What do you do to keep them away, both in terms of your environment, and in terms of your person?



Evironmentally, of course, we've all been told not to leave standing water, as it provides breeding territory to skeeters.

Also, as an environmental repellent, mosquito coils (kind of like incense, but nastier) or citronella candles may be employed.

Or, perhaps you've got a bat-house in your yard.



For personal protection, those who can still find products with Deet in meaningful concentration may be applying it to their skin, while others may be using Avon's "Skin So Soft", and others yet may have found a more natural method.

My father, for example, told me that one of the B vitamins (I don't recall which one) causes the body to give off a scent that repels mosquitoes, while eating bananas causes the body to produce one that _attracts_ them.



What are the myths?

What works?

Anyone?


----------



## Violet_Beauregard (Jun 9, 2008)

I keep mosquitos away, by never, ever spending any length of time outside. LOL I'm an "indoor" girl... I'm sort of like Zsa Zsa Gabor on Green Acres... LOL So I have no clue on how to keep them away from the house. I do know that citronella candles allegedly work, but unless you have a zillion of them lit, I can't see how they can keep a lot of mosquitos away.
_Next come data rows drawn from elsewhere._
lemma agg_divisor_add:
  assumes "a \<in> agglomerations V E r" "b \<in> agglomerations V E r"
  shows "agg_divisor V E r (a + b) = agg_divisor V E r a + agg_divisor V E r b"
proof
  fix p
  show "agg_divisor V E r (a + b) p = (agg_divisor V E r a + agg_divisor V E r b) p"
  proof (cases p)
    case (Incidence_prime e v)
    then show ?thesis
      using agglomeration_edge_le[OF assms(1), of e v] agglomeration_edge_le[OF assms(2), of e v]
      by auto
  qed auto
qed

lemma agg_divisor_free:
  assumes "is_graph V E r"
  shows "agg_divisor V E r a \<in> free_monoid (agg_primes V E r)"
proof -
  have "{p. agg_divisor V E r a p \<noteq> 0} \<subseteq> agg_primes V E r"
  proof
    fix p assume "p \<in> {p. agg_divisor V E r a p \<noteq> 0}"
    then show "p \<in> agg_primes V E r"
      by (cases p) (auto split: if_splits)
  qed
  then show ?thesis
    using card_agg_primes[OF assms] by (auto simp: free_monoid_def intro: finite_subset)
qed

lemma agg_divisor_le_imp_le:
  assumes a: "a \<in> agglomerations V E r" and b: "b \<in> agglomerations V E r"
    and le: "agg_divisor V E r a \<le> agg_divisor V E r b"
  shows "a \<le> b"
proof (rule le_funI)
  fix x
  have le_at: "agg_divisor V E r a p \<le> agg_divisor V E r b p" for p
    using le by (simp add: le_fun_def)
  show "a x \<le> b x"
  proof (cases x)
    case (Inr e)
    then show ?thesis
      using le_at[of "Edge_prime e"] agglomeration_edge_outside[OF a, of e] by (cases "e \<in> E") auto
  next
    case (Inl v)
    consider (outside) "v \<notin> V" | (isolated) "v \<in> isolated_vertices V E r"
      | (incident) e where "e \<in> E" "v \<in> r e"
      by (auto simp: isolated_vertices_iff)
    then show ?thesis
    proof cases
      case outside
      then show ?thesis
        using Inl agglomeration_vertex_outside[OF a] by auto
    next
      case isolated
      then show ?thesis
        using Inl le_at[of "Isolated_prime v"] by simp
    next
      case incident
      then have "a (Inr e) \<le> a (Inl v)" "b (Inr e) \<le> b (Inl v)"
        using a b by (simp_all add: agglomeration_edge_le)
      moreover have "a (Inr e) \<le> b (Inr e)" "a (Inl v) - a (Inr e) \<le> b (Inl v) - b (Inr e)"
        using incident le_at[of "Edge_prime e"] le_at[of "Incidence_prime e v"] by simp_all
      ultimately show ?thesis
        using Inl by simp
    qed
  qed
qed

lemma agg_divisor_le_imp_divides:
  assumes a: "a \<in> agglomerations V E r" and b: "b \<in> agglomerations V E r"
    and le: "agg_divisor V E r a \<le> agg_divisor V E r b"
  shows "divides_in (agglomerations V E r) a b"
proof -
  have "a \<le> b"
    using agg_divisor_le_imp_le[OF assms] .
  have "b - a \<in> agglomerations V E r"
    unfolding agglomerations_def mem_Collect_eq
  proof (intro conjI allI impI ballI)
    fix x assume "x \<notin> Inl ` V \<union> Inr ` E"
    then show "(b - a) x = 0"
      using b by (simp add: agglomerations_def)
  next
    fix e v assume e: "e \<in> E" "v \<in> r e"
    then have "a (Inr e) \<le> a (Inl v)" "b (Inr e) \<le> b (Inl v)"
      using a b by (simp_all add: agglomeration_edge_le)
    moreover have "a (Inl v) - a (Inr e) \<le> b (Inl v) - b (Inr e)"
      using e le by (auto simp: le_fun_def dest: spec[of _ "Incidence_prime e v"])
    moreover have "a (Inr e) \<le> b (Inr e)"
      using \<open>a \<le> b\<close> by (simp add: le_fun_def)
    ultimately show "(b - a) (Inr e) \<le> (b - a) (Inl v)"
      by simp
  qed
  moreover have "b = a + (b - a)"
    using \<open>a \<le> b\<close> by (auto simp: fun_eq_iff le_fun_def)
  ultimately show ?thesis
    unfolding divides_in_def by blast
qed

lemma indicator_agglomeration:
  assumes "S \<subseteq> Inl ` V \<union> Inr ` E" "\<And>e v. e \<in> E \<Longrightarrow> v \<in> r e \<Longrightarrow> Inr e \<in> S \<Longrightarrow> Inl v \<in> S"
  shows "(indicator S :: 'v + 'e \<Rightarrow> nat) \<in> agglomerations V E r"
  using assms by (auto simp: agglomerations_def indicator_def)

lemma agg_prime_generator:
  assumes graph: "is_graph V E r" and p: "p \<in> agg_primes V E r"
  shows "\<exists>A. finite A \<and> A \<noteq> {} \<and> A \<subseteq> agglomerations V E r \<and>
           divisor_gcd (agg_divisor V E r) A = unit_vec p"
proof -
  let ?H = "agglomerations V E r" and ?\<phi> = "agg_divisor V E r"
  have edges: "\<And>e. e \<in> E \<Longrightarrow> r e \<subseteq> V"
    using graph by (simp add: is_graph_def)
  have pair: "\<exists>A. finite A \<and> A \<noteq> {} \<and> A \<subseteq> ?H \<and> divisor_gcd ?\<phi> A = unit_vec p"
    if "a \<in> ?H" "b \<in> ?H" "\<And>q. min (?\<phi> a q) (?\<phi> b q) = unit_vec p q" for a b
    using that by (intro exI[of _ "{a, b}"]) (auto simp: divisor_gcd_pair)
  show ?thesis
  proof (cases p)
    case (Edge_prime e)
    then have e: "e \<in> E"
      using p by simp
    show ?thesis
    proof (rule pair)
      show "indicator ({Inr e} \<union> Inl ` r e) \<in> ?H" "indicator (Inl ` V \<union> Inr ` E) \<in> ?H"
        using e edges by (auto intro!: indicator_agglomeration)
      show "min (?\<phi> (indicator ({Inr e} \<union> Inl ` r e)) q) (?\<phi> (indicator (Inl ` V \<union> Inr ` E)) q)
          = unit_vec p q" for q
        using Edge_prime e edges
        by (cases q) (simp_all add: indicator_def unit_vec_def isolated_vertices_iff image_iff)
    qed
  next
    case (Incidence_prime e v)
    then have e: "e \<in> E" "v \<in> r e"
      using p by simp_all
    show ?thesis
    proof (rule pair)
      show "indicator {Inl v} \<in> ?H" "indicator (Inl ` V \<union> Inr ` (E - {e})) \<in> ?H"
        using e edges by (auto intro!: indicator_agglomeration)
      show "min (?\<phi> (indicator {Inl v}) q) (?\<phi> (indicator (Inl ` V \<union> Inr ` (E - {e}))) q)
          = unit_vec p q" for q
        using Incidence_prime e edges[OF e(1)]
        by (cases q) (simp_all add: indicator_def unit_vec_def isolated_vertices_iff image_iff subset_iff, blast)
    qed
  next
    case (Isolated_prime v)
    then have v: "v \<in> V" "\<forall>e\<in>E. v \<notin> r e"
      using p by (simp_all add: isolated_vertices_iff)
    have "indicator {Inl v} \<in> ?H"
      using v by (auto intro!: indicator_agglomeration)
    moreover have "?\<phi> (indicator {Inl v}) q = unit_vec p q" for q
      using Isolated_prime v by (cases q) (simp_all add: indicator_def unit_vec_def isolated_vertices_iff, blast)
    ultimately show ?thesis
      by (intro exI[of _ "{indicator {Inl v}}"]) (auto simp: fun_eq_iff)
  qed
qed

theorem divisor_theory_agg_divisor:
  assumes "is_graph V E r"
  shows "divisor_theory (agglomerations V E r) (agg_primes V E r) (agg_divisor V E r)"
proof -
  have "monoid_hom_into (agglomerations V E r) (free_monoid (agg_primes V E r)) (agg_divisor V E r)"
    unfolding monoid_hom_into_def
  proof (intro conjI ballI)
    show "agg_divisor V E r 0 = 0"
    proof
      fix p show "agg_divisor V E r 0 p = 0 p"
        by (cases p) auto
    qed
  qed (simp_all add: agg_divisor_free[OF assms] agg_divisor_add)
  then have "divisor_hom (agglomerations V E r) (free_monoid (agg_primes V E r)) (agg_divisor V E r)"
    by (simp add: divisor_hom_free_monoid_iff agg_divisor_le_imp_divides)
  then show ?thesis
    using agg_prime_generator[OF assms] by (simp add: divisor_theory_iff_divisor_gcd)
qed

theorem theorem4p6:
  fixes V :: "'v set" and E :: "'e set" and r :: "'e \<Rightarrow> 'v set"
  assumes "is_graph V E r"
  shows "finitely_generated_monoid (agglomerations V E r)
       \<and> reduced_monoid (agglomerations V E r)
       \<and> krull_monoid TYPE(nat) (agglomerations V E r)
       \<and> (\<exists>(I::nat set) \<phi>. divisor_theory (agglomerations V E r) I \<phi>
             \<and> finite I \<and> card I = 3 * card E + card (isolated_vertices V E r))
       \<and> (\<forall>(I::'i set) \<phi>. divisor_theory (agglomerations V E r) I \<phi> \<longrightarrow>
             finite I \<and> card I = 3 * card E + card (isolated_vertices V E r))"
proof -
  let ?H = "agglomerations V E r" and ?N = "3 * card E + card (isolated_vertices V E r)"
  have dt: "submonoid_divisor_theory ?H (agg_primes V E r) (agg_divisor V E r)"
    using divisor_theory_agg_divisor[OF assms] submonoid_agglomerations
    by (simp add: submonoid_divisor_theory_def)
  have primes: "finite (agg_primes V E r)" "card (agg_primes V E r) = ?N"
    using card_agg_primes[OF assms] by simp_all
  then obtain \<sigma> where "bij_betw \<sigma> {0..<?N} (agg_primes V E r)"
    by (metis ex_bij_betw_nat_finite)
  then have nat_dt: "divisor_theory ?H {0..<?N} (\<lambda>a. reindex \<sigma> {0..<?N} (agg_divisor V E r a))"
    by (rule divisor_theory_reindex[OF divisor_theory_agg_divisor[OF assms]])
  have "krull_monoid TYPE(nat) ?H"
    using submonoid_agglomerations cancellative_monoid_cancel nat_dt
    unfolding krull_monoid_def divisor_theory_def by blast
  moreover have "finite I \<and> card I = ?N" if "divisor_theory ?H (I::'i set) \<phi>" for I \<phi>
  proof -
    have "submonoid_divisor_theory ?H I \<phi>"
      using that submonoid_agglomerations by (simp add: submonoid_divisor_theory_def)
    then show ?thesis
      using divisor_theory_card_eq[OF dt _ primes(1)] primes(2) by simp
  qed
  ultimately show ?thesis
    using finitely_generated_agglomerations assms reduced_monoid_nat_funs nat_dt
    by (auto simp: is_graph_def)
qed

end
As far as my physical person, the original Skin So Soft from Avon is the most amazing stuff ever. It has to be the original formula... none of the new ones, or the ones that are bug repellant ones.... it must be the original.


----------



## Risible (Jun 9, 2008)

While I'm not immune to mosquitoes, they don't seem to like me much. I eat a lot of bananas, too.

If I were going to a place where mosquitoes swarmed, I would use a commercial skeeter spray, one with DEET, I reckon.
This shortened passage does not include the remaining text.